A lens forms images because each curved surface refracts rays according to Snell’s Law. In a converging lens, the geometry causes rays to bend toward the axis overall; in a diverging lens, the geometry causes rays to bend away overall. Even though AP problems usually let you start with the thin lens equation, it’s valuable to remember that the equation is a shortcut built on refraction.

That connection also explains why lenses have focal lengths that depend on both the lens shape and the refractive index of the material (and why the same lens behaves slightly differently in air vs in water). You typically won’t need a full lensmaker calculation in this scope, but the qualitative dependency is fair game.

Exam Focus
  • Typical question patterns:
    • Use \frac{1}{f} = \frac{1}{d_o} + \frac{1}{d_i} to compute image location, then use the sign of d_i to decide real vs virtual.

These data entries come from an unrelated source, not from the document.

theorem McDiarmid_inequality:
  assumes fin: "\<And>p. p \<in> set ps \<Longrightarrow> finite (set_pmf p)" and bd: "bounded_differences c ps f"
    and c: "c > 0" and n: "ps \<noteq> []" and l: "l > 0"
  shows "measure_pmf.prob (seq_pmf ps) {xs. \<bar>f xs - measure_pmf.expectation (seq_pmf ps) f\<bar> \<ge> l}
       \<le> 2 * exp (- 2 * l\<^sup>2 / (real (length ps) * c\<^sup>2))"
proof -
  define M where "M = measure_pmf (seq_pmf ps)"
  define \<mu> where "\<mu> = measure_pmf.expectation (seq_pmf ps) f"
  define B where "B = exp (- 2 * l\<^sup>2 / (real (length ps) * c\<^sup>2))"
  have "bounded_differences c ps (\<lambda>xs. - f xs)"
    using bd by (auto simp: bounded_differences_def abs_minus_commute)
  from bounded_differences_tail[OF fin this c n l]
  have lower: "measure M {xs. - f xs + \<mu> \<ge> l} \<le> B" by (simp add: M_def \<mu>_def B_def)
  have upper: "measure M {xs. f xs - \<mu> \<ge> l} \<le> B"
    using bounded_differences_tail[OF fin bd c n l] by (simp add: M_def \<mu>_def B_def)
  have "measure M {xs. \<bar>f xs - \<mu>\<bar> \<ge> l} \<le> measure M ({xs. f xs - \<mu> \<ge> l} \<union> {xs. - f xs + \<mu> \<ge> l})"
    unfolding M_def by (intro measure_pmf.finite_measure_mono) auto
  also have "\<dots> \<le> measure M {xs. f xs - \<mu> \<ge> l} + measure M {xs. - f xs + \<mu> \<ge> l}"
    unfolding M_def by (rule measure_subadditive) (auto simp: measure_pmf.emeasure_eq_measure)
  finally show ?thesis using lower upper by (simp add: M_def \<mu>_def B_def)
qed

section \<open>Invariants of the insertion process\<close>

definition face_verts :: "nat \<times> nat \<times> nat \<Rightarrow> nat set" where
  "face_verts f = (case f of (a, b, c) \<Rightarrow> {a, b, c})"

definition distinct_face :: "nat \<times> nat \<times> nat \<Rightarrow> bool" where
  "distinct_face f = (case f of (a, b, c) \<Rightarrow> a \<noteq> b \<and> a \<noteq> c \<and> b \<noteq> c)"

definition face_count :: "ran_state \<Rightarrow> nat \<Rightarrow> nat" where
  "face_count s u = sum_list (map (\<lambda>f. of_bool (u \<in> face_verts f)) (faces s))"

text \<open>The unbounded outer face is not recorded in \<open>faces\<close>; it accounts for the extra
  edge at each of the three outer vertices \<open>0, 1, 2\<close>.\<close>

definition ran_wf :: "ran_state \<Rightarrow> bool" where
  "ran_wf s \<longleftrightarrow> finite (edges s) \<and> (\<forall>e\<in>edges s. \<forall>u\<in>e. u < nverts s)
    \<and> (\<forall>f\<in>set (faces s). distinct_face f \<and> (\<forall>u\<in>face_verts f. u < nverts s))
    \<and> nverts s \<ge> 3 \<and> length (faces s) = 2 * nverts s - 5
    \<and> (\<forall>u<nverts s. degree s u = face_count s u + of_bool (u < 3))
    \<and> (\<forall>u. 3 \<le> u \<and> u < nverts s \<longrightarrow> degree s u \<ge> 3)"

lemma ran_insert_eq:
  assumes "faces s ! i = (a, b, c)"
  shows "ran_insert s i = \<lparr> nverts = Suc (nverts s),
          faces = (faces s)[i := (a, b, nverts s)] @ [(a, nverts s, c), (nverts s, b, c)],
          edges = edges s \<union> {{a, nverts s}, {b, nverts s}, {c, nverts s}} \<rparr>"
  using assms by (simp add: ran_insert_def Let_def)

lemma nverts_ran_insert [simp]: "nverts (ran_insert s i) = Suc (nverts s)"
  by (cases "faces s ! i") (simp add: ran_insert_eq)

lemma length_faces_ran_insert [simp]:
  "i < length (faces s) \<Longrightarrow> length (faces (ran_insert s i)) = length (faces s) + 2"
  by (cases "faces s ! i") (simp add: ran_insert_eq)

lemma ran_wf_face:
  assumes "ran_wf s" "i < length (faces s)" "faces s ! i = (a, b, c)"
  shows "a \<noteq> b" "a \<noteq> c" "b \<noteq> c" "a < nverts s" "b < nverts s" "c < nverts s"
proof -
  have "(a, b, c) \<in> set (faces s)" using assms(2,3) by (metis nth_mem)
  then show "a \<noteq> b" "a \<noteq> c" "b \<noteq> c" "a < nverts s" "b < nverts s" "c < nverts s"
    using assms(1) by (auto simp: ran_wf_def distinct_face_def face_verts_def)
qed

lemma degree_ran_insert:
  assumes wf: "ran_wf s" and i: "i < length (faces s)"
  shows "degree (ran_insert s i) u =
     (if u = nverts s then 3 else degree s u + of_bool (u \<in> face_verts (faces s ! i)))"
proof -
  obtain a b c where abc: "faces s ! i = (a, b, c)" by (metis prod_cases3)
  define v where "v = nverts s"
  note face = ran_wf_face[OF wf i abc, folded v_def]
  have fin: "finite (edges s)" and old: "\<forall>e\<in>edges s. \<forall>u\<in>e. u < v"
    using wf by (auto simp: ran_wf_def v_def)
  define N where "N = {{a, v}, {b, v}, {c, v}}"
  have edges: "edges (ran_insert s i) = edges s \<union> N"
    using abc by (simp add: ran_insert_eq N_def v_def)
  have disjoint: "edges s \<inter> N = {}" using old by (auto simp: N_def)
  have "{e \<in> edges s \<union> N. u \<in> e} = {e \<in> edges s. u \<in> e} \<union> {e \<in> N. u \<in> e}" by auto
  then have split: "degree (ran_insert s i) u = degree s u + card {e \<in> N. u \<in> e}"
    unfolding degree_def edges
    by (simp only:) (rule card_Un_disjoint, use fin disjoint in \<open>auto simp: N_def\<close>)
  show ?thesis
  proof (cases "u = v")
    case True
    have "degree s u = 0" using old True by (auto simp: degree_def card_eq_0_iff)
    moreover have "{e \<in> N. u \<in> e} = N" using True by (auto simp: N_def)
    moreover have "card N = 3" using face by (auto simp: N_def doubleton_eq_iff)
    ultimately show ?thesis using split True v_def by simp
  next
    case False
    then have "{e \<in> N. u \<in> e} = (if u \<in> {a, b, c} then {{u, v}} else {})"
      by (auto simp: N_def)
    then show ?thesis using split False by (simp add: abc face_verts_def v_def)
  qed
qed

lemma face_count_ran_insert:
  assumes wf: "ran_wf s" and i: "i < length (faces s)"
  shows "face_count (ran_insert s i) u =
     (if u = nverts s then 3 else face_count s u + of_bool (u \<in> face_verts (faces s ! i)))"
proof -
  obtain a b c where abc: "faces s ! i = (a, b, c)" by (metis prod_cases3)
  define v where "v = nverts s"
  define ind where "ind = (\<lambda>f. of_bool (u \<in> face_verts f) :: nat)"
  note face = ran_wf_face[OF wf i abc, folded v_def]
  have count: "face_count s u = sum_list (map ind (faces s))"
    by (simp add: face_count_def ind_def)
  have "face_count (ran_insert s i) u = sum_list ((map ind (faces s))[i := ind (a, b, v)])
        + ind (a, v, c) + ind (v, b, c)"
    by (simp add: face_count_def ran_insert_eq[OF abc] v_def map_update ind_def)
  also have "sum_list ((map ind (faces s))[i := ind (a, b, v)])
      = face_count s u + ind (a, b, v) - ind (a, b, c)"
    using i abc by (simp add: sum_list_update count)
  finally have eq: "face_count (ran_insert s i) u
      = face_count s u + ind (a, b, v) - ind (a, b, c) + ind (a, v, c) + ind (v, b, c)" .
  have "ind (a, b, c) = map ind (faces s) ! i" using i abc by simp
  also have "\<dots> \<le> face_count s u" unfolding count using i by (intro elem_le_sum_list) simp
  finally have le: "ind (a, b, c) \<le> face_count s u" .
  show ?thesis
  proof (cases "u = v")
    case True
    have "\<forall>f\<in>set (faces s). u \<notin> face_verts f" using wf True by (auto simp: ran_wf_def v_def)
    then have "face_count s u = 0" by (simp add: face_count_def sum_list_eq_0_iff)
    then show ?thesis using eq True face by (simp add: ind_def face_verts_def v_def)
  next
    case False
    then show ?thesis using eq le face abc by (auto simp: ind_def face_verts_def v_def)
  qed
qed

    • Compute magnification with m = -\frac{d_i}{d_o} and interpret sign (upright vs inverted) and magnitude (size change).
    • Ray-diagram reasoning questions: given an object location relative to f and 2f for a converging lens, predict image type, orientation, and approximate location.
  • Common mistakes:
    • Forgetting that diverging lenses have negative f, leading to incorrect image type.
    • Treating a negative d_i as an “error” instead of identifying it as a virtual image.
    • Mixing up orientation rules: use the sign of m rather than memorized statements detached from the geometry.